Dataset entries

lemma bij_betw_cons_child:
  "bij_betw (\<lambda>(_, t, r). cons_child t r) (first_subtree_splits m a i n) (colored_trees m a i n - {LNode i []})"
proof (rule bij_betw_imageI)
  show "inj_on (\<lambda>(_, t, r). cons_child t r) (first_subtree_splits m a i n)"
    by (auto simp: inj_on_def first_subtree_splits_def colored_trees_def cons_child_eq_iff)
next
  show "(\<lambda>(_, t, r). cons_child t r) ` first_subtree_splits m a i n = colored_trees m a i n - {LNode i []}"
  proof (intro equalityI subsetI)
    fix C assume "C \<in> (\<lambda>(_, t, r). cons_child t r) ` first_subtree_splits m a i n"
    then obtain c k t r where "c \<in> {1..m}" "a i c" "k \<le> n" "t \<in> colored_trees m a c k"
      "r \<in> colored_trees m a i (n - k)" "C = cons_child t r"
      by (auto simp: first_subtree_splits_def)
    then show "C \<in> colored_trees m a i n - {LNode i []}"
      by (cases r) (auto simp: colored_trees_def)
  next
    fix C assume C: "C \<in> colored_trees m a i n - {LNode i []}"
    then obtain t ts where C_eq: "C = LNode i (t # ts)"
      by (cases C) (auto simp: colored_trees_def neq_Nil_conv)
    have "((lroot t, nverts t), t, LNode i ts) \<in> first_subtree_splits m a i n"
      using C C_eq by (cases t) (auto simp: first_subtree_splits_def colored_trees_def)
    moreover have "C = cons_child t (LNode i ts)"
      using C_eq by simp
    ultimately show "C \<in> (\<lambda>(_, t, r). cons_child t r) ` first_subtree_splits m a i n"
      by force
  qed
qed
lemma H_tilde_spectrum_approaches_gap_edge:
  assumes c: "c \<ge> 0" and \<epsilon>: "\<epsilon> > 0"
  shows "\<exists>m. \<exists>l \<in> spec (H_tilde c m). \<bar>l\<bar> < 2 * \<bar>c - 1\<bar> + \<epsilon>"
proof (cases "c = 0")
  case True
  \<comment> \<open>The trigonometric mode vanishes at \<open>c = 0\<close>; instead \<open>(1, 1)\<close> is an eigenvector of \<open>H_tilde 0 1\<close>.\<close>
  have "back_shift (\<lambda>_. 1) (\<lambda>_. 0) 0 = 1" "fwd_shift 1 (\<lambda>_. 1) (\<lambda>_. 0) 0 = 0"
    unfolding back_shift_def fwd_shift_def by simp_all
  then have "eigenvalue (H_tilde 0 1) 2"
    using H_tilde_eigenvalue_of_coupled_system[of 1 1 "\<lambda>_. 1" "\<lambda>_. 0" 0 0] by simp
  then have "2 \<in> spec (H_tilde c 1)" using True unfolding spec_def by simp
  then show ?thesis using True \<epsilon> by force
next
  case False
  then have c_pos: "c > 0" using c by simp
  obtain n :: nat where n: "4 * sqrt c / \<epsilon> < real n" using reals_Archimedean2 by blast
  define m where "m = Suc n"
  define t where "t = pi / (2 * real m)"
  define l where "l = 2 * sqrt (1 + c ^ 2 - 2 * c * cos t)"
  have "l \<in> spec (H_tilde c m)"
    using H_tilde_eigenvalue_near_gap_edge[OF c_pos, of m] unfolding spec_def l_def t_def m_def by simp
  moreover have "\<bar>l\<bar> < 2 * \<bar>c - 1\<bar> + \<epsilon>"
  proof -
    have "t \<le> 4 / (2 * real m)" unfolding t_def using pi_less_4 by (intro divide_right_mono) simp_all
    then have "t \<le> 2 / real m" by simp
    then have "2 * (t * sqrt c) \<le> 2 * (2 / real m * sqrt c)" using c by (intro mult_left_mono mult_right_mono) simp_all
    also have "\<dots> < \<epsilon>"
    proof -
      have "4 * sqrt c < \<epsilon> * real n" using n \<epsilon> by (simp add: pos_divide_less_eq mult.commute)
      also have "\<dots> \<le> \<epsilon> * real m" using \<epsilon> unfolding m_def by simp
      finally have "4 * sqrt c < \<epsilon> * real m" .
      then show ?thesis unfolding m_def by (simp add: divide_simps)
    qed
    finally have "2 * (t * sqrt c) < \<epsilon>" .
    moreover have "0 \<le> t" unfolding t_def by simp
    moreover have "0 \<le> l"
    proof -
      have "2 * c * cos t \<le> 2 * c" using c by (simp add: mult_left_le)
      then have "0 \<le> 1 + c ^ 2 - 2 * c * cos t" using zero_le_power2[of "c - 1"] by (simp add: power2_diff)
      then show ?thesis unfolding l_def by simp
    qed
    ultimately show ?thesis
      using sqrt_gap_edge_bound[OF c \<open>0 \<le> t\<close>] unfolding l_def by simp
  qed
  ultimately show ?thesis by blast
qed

* * *

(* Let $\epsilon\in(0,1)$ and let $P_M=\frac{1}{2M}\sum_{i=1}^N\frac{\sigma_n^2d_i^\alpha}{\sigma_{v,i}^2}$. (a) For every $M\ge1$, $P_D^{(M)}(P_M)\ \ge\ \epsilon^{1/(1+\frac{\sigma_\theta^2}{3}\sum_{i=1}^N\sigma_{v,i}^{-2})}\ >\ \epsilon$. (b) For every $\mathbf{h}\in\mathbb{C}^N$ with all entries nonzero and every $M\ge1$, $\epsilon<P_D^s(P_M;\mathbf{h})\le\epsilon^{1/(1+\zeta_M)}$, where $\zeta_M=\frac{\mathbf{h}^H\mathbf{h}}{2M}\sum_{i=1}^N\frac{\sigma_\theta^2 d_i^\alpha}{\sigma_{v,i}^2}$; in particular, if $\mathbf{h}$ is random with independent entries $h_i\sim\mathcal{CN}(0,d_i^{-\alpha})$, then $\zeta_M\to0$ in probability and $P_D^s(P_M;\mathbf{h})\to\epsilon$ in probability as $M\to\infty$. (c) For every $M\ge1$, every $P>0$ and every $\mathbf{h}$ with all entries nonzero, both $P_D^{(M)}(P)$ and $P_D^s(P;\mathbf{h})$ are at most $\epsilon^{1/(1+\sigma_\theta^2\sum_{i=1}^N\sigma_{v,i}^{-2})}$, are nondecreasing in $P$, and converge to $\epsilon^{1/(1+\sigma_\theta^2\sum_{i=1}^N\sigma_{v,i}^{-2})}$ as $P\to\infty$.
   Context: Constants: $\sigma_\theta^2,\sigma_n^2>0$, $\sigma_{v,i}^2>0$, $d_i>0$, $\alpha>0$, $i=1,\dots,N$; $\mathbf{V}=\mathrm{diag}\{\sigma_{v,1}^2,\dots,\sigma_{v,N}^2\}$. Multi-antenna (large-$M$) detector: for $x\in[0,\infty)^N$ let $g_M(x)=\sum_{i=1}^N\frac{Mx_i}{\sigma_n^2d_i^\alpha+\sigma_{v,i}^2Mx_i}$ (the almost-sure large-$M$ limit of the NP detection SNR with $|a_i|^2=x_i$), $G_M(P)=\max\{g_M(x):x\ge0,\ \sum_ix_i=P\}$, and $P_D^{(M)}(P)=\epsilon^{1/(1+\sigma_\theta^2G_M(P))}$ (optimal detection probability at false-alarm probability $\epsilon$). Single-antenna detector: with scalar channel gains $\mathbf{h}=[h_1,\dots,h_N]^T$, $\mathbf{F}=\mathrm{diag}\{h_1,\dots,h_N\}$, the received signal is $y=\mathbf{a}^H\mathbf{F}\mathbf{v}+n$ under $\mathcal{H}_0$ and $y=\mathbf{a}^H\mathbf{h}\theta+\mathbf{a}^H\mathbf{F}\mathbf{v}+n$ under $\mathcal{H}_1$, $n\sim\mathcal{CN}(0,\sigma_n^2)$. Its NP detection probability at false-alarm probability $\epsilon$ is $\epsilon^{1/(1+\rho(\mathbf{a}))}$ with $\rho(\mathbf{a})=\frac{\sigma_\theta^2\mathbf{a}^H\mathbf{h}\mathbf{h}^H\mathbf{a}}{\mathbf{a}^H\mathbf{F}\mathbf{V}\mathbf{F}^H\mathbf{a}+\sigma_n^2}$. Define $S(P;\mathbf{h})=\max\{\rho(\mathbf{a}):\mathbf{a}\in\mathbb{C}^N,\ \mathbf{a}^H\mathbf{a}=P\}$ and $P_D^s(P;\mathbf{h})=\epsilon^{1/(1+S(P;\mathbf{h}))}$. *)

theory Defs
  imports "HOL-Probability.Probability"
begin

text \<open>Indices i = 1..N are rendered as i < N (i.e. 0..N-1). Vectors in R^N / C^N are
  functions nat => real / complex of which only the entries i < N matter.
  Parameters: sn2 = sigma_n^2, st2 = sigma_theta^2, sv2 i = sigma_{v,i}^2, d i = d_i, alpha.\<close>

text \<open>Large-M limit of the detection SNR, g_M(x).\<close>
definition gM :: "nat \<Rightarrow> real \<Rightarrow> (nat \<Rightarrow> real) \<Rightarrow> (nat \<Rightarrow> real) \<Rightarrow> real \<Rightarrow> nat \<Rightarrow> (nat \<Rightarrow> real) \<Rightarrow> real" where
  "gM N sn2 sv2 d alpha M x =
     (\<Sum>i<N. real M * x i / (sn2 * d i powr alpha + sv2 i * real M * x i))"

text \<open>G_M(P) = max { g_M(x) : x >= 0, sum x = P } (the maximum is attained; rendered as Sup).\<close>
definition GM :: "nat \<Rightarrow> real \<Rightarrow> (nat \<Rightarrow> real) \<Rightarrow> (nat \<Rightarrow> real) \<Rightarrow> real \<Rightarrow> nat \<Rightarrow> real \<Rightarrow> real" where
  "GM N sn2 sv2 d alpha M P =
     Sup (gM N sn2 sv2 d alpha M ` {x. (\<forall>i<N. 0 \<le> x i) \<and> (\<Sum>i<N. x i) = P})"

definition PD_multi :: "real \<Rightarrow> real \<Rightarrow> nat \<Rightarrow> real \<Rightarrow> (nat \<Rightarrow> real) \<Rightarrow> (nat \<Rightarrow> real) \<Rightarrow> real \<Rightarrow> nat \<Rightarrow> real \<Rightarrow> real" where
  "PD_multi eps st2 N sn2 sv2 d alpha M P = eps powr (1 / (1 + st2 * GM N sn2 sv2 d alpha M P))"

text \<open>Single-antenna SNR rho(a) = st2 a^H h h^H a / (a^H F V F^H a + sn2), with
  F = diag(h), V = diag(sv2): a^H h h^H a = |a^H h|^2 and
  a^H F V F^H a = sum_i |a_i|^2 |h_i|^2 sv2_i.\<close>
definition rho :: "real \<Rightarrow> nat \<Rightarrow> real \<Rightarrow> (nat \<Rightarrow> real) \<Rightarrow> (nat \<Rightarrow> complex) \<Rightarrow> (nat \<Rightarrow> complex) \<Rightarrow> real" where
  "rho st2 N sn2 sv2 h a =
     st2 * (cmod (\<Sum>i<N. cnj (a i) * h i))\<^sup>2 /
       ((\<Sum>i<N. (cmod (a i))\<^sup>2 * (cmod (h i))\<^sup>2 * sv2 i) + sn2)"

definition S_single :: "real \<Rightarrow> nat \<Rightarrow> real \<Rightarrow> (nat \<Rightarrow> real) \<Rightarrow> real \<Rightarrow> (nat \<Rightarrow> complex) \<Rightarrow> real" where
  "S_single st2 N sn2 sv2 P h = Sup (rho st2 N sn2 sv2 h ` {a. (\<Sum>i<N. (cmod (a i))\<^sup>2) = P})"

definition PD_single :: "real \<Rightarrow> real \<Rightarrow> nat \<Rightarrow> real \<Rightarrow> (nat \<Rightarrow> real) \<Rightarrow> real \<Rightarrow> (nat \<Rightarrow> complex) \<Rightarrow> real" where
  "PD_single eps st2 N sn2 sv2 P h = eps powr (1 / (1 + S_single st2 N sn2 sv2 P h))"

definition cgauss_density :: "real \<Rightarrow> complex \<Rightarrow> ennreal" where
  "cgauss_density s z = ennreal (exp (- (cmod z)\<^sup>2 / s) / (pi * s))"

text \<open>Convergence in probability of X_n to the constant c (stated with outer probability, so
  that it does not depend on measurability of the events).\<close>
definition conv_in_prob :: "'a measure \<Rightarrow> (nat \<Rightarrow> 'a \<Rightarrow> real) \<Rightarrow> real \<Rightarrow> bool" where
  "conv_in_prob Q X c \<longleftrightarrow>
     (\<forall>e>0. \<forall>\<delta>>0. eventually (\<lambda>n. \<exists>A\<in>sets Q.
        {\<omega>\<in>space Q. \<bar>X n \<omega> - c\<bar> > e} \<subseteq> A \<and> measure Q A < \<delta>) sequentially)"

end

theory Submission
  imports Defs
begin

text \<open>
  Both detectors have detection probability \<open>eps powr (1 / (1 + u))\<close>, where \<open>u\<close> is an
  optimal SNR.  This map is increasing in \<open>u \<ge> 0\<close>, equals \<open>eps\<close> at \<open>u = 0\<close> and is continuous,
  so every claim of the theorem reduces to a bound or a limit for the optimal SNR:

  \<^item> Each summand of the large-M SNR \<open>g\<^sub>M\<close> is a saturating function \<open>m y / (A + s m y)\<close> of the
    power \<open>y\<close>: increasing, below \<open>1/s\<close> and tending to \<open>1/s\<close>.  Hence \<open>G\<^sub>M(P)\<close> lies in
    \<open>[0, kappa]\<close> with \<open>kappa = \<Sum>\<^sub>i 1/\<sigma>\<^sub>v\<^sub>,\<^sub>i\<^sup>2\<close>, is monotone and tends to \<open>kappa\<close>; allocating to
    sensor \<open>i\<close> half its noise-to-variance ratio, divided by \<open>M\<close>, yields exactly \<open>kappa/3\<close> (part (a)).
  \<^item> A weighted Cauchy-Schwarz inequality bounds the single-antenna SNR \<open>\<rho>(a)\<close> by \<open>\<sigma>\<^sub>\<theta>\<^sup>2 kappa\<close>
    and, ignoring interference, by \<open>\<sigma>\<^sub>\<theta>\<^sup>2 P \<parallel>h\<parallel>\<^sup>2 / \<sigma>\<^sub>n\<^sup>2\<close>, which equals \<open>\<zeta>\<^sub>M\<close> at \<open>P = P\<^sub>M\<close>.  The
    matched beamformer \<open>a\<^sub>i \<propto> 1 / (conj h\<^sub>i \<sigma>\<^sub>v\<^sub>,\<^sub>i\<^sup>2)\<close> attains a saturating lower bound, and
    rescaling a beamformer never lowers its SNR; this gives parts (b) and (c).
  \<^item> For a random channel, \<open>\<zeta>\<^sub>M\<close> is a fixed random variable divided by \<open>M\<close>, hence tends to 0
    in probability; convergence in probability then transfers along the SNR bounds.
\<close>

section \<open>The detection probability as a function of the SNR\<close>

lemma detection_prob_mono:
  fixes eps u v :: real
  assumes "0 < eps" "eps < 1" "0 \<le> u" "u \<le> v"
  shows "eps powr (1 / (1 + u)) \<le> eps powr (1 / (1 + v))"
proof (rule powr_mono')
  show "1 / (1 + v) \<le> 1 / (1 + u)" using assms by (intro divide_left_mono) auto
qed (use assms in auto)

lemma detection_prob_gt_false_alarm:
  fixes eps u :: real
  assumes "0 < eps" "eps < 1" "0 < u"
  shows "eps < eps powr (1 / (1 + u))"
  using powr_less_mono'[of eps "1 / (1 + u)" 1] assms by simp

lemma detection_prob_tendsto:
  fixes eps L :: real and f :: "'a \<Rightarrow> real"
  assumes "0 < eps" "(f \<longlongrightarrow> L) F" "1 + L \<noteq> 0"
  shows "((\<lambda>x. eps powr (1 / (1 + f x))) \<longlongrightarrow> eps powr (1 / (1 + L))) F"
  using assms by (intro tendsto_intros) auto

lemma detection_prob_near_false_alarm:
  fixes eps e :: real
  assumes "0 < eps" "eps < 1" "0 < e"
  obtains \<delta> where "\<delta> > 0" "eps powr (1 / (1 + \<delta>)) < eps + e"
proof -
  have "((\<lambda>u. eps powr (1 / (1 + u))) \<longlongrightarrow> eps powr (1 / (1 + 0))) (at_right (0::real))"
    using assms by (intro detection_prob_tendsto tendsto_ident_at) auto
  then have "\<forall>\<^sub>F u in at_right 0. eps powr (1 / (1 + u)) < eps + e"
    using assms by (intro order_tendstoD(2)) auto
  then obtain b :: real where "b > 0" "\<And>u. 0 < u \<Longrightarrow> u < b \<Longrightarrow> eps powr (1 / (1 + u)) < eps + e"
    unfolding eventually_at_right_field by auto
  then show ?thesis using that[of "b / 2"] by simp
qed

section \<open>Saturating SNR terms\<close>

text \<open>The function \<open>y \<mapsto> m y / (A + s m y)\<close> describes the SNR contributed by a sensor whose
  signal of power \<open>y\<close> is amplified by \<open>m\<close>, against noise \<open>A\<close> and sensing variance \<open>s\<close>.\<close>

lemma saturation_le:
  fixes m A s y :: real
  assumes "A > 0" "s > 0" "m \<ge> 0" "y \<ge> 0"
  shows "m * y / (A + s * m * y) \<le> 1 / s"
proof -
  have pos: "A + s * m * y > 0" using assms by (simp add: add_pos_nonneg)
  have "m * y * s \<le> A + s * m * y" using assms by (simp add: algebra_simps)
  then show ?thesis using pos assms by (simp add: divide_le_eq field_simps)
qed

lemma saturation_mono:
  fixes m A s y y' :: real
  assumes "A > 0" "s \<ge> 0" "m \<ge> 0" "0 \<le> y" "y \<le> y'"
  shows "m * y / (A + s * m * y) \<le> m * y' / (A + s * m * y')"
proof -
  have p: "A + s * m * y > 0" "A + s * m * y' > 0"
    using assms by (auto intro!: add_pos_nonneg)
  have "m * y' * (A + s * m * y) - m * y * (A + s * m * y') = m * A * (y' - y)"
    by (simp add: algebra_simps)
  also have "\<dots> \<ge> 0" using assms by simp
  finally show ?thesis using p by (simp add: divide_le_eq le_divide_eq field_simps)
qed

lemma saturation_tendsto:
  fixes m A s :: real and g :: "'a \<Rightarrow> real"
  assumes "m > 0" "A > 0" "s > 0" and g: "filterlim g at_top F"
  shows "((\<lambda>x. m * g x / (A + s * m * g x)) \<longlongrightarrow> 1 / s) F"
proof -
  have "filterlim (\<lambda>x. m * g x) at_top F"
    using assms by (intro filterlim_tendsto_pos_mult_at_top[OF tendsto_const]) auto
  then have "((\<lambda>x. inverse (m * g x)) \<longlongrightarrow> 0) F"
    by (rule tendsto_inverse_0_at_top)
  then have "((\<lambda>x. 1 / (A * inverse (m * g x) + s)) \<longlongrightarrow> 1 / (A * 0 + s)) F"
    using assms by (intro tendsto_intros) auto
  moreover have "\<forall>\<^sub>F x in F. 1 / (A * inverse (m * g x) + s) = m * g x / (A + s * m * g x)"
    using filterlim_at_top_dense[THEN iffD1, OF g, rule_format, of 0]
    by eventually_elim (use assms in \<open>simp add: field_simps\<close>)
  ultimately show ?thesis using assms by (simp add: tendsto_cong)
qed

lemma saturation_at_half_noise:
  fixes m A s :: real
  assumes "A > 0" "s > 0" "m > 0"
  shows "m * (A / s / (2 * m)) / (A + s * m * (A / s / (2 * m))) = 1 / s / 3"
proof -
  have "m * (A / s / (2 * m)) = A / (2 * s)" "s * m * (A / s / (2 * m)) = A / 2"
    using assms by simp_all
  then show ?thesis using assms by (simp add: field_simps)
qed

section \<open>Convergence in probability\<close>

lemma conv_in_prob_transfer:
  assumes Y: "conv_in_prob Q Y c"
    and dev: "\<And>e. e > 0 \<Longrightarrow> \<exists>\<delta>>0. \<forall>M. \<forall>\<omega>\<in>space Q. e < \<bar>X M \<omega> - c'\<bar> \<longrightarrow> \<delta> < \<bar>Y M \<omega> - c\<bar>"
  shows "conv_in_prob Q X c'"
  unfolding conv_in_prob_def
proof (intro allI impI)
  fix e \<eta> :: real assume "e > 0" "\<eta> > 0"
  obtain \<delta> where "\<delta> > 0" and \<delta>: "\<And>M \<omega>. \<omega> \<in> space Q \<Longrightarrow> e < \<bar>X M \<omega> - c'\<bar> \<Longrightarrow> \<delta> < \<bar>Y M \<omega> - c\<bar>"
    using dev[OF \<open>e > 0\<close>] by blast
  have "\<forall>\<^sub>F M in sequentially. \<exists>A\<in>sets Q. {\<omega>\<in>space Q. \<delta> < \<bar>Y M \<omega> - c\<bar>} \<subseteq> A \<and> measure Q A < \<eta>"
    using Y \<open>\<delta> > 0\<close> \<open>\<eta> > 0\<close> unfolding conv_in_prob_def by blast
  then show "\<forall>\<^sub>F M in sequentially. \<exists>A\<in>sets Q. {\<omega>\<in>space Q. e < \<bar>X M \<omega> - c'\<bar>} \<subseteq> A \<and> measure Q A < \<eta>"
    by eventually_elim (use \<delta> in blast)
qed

● **WHAT THIS TASK INVOLVES**:
What are the lines above, starting at the one with "colored_trees m a i (n" and ending at the one with "by (cases C)"? Give them again exactly, and only them.

● **ANSWER TO THE PROBLEM**:
      "r \<in> colored_trees m a i (n - k)" "C = cons_child t r"
      by (auto simp: first_subtree_splits_def)
    then show "C \<in> colored_trees m a i n - {LNode i []}"
      by (cases r) (auto simp: colored_trees_def)
  next
    fix C assume C: "C \<in> colored_trees m a i n - {LNode i []}"
    then obtain t ts where C_eq: "C = LNode i (t # ts)"
      by (cases C) (auto simp: colored_trees_def neq_Nil_conv)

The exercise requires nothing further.